→ **Problem to solve**: Once you reach the line that holds "W \<longleftrightarrow> is_complement" in the listing below, output it and every line after it through the line that holds "monoid.mult = (+), one", word for word.

→ **Dataset extract**:
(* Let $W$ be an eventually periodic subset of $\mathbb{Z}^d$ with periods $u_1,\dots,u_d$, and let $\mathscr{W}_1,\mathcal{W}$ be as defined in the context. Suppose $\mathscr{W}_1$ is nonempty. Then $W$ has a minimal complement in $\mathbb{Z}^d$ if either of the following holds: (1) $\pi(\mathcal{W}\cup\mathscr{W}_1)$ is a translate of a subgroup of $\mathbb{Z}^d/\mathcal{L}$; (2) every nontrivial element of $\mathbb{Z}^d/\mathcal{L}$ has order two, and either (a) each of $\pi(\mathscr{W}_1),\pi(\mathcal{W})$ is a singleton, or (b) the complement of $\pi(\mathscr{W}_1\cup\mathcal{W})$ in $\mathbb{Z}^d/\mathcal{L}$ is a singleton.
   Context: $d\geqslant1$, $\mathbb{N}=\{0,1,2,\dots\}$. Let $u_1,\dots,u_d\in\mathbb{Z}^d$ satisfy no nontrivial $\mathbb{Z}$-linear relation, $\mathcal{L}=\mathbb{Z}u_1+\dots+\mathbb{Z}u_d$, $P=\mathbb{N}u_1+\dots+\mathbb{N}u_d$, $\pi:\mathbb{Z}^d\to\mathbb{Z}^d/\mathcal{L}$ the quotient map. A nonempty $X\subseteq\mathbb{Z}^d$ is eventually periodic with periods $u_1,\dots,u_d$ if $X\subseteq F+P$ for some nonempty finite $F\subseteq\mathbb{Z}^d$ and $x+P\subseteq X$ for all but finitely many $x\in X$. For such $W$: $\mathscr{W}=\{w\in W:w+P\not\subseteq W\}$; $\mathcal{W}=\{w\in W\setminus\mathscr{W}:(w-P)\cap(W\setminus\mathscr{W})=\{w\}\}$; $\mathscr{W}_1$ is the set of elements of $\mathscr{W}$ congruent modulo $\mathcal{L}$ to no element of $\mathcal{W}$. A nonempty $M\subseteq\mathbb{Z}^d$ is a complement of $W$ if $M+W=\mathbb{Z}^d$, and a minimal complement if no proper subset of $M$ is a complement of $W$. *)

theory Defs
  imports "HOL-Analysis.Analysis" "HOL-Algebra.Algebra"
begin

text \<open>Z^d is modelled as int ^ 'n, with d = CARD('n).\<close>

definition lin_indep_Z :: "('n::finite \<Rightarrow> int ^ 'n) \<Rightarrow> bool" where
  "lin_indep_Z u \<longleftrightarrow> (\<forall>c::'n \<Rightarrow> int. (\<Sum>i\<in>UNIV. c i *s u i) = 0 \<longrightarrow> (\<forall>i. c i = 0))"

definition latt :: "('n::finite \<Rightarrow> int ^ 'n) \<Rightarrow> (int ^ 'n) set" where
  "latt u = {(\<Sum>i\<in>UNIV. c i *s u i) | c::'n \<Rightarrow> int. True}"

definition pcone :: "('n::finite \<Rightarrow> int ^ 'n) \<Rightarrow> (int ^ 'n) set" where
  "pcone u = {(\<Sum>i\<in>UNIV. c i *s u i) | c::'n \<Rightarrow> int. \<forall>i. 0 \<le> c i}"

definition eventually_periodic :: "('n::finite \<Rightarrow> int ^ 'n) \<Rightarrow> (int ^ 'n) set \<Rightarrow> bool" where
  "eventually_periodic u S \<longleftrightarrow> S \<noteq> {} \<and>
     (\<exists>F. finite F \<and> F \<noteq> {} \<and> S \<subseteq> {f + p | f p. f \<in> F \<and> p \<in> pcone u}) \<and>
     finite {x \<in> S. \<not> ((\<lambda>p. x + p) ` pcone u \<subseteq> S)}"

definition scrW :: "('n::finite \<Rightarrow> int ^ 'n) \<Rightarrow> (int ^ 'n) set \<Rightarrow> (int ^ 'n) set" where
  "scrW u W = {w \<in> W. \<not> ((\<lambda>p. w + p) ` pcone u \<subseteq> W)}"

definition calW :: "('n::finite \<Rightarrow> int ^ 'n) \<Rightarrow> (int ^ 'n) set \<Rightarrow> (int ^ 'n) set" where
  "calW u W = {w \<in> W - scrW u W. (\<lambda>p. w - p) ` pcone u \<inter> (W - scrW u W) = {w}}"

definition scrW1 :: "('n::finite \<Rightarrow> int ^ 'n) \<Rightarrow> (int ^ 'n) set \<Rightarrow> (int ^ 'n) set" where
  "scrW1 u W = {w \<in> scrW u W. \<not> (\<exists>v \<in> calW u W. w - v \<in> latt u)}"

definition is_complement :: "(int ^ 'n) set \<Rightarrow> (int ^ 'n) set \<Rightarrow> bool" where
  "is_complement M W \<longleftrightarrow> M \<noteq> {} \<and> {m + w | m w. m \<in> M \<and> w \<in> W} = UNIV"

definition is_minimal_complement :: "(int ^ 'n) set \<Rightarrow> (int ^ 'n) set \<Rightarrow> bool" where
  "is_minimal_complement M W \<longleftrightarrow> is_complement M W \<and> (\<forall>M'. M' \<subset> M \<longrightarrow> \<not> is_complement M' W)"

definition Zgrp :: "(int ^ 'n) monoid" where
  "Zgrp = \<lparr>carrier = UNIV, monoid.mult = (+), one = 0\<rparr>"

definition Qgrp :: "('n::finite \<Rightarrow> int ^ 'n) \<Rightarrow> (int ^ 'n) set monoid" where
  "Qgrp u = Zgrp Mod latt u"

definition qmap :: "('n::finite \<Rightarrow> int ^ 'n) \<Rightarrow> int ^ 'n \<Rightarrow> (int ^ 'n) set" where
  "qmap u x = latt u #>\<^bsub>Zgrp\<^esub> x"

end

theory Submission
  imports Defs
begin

→ **Answer area**:
  "is_minimal_complement M W \<longleftrightarrow> is_complement M W \<and> (\<forall>M'. M' \<subset> M \<longrightarrow> \<not> is_complement M' W)"

definition Zgrp :: "(int ^ 'n) monoid" where
  "Zgrp = \<lparr>carrier = UNIV, monoid.mult = (+), one = 0\<rparr>"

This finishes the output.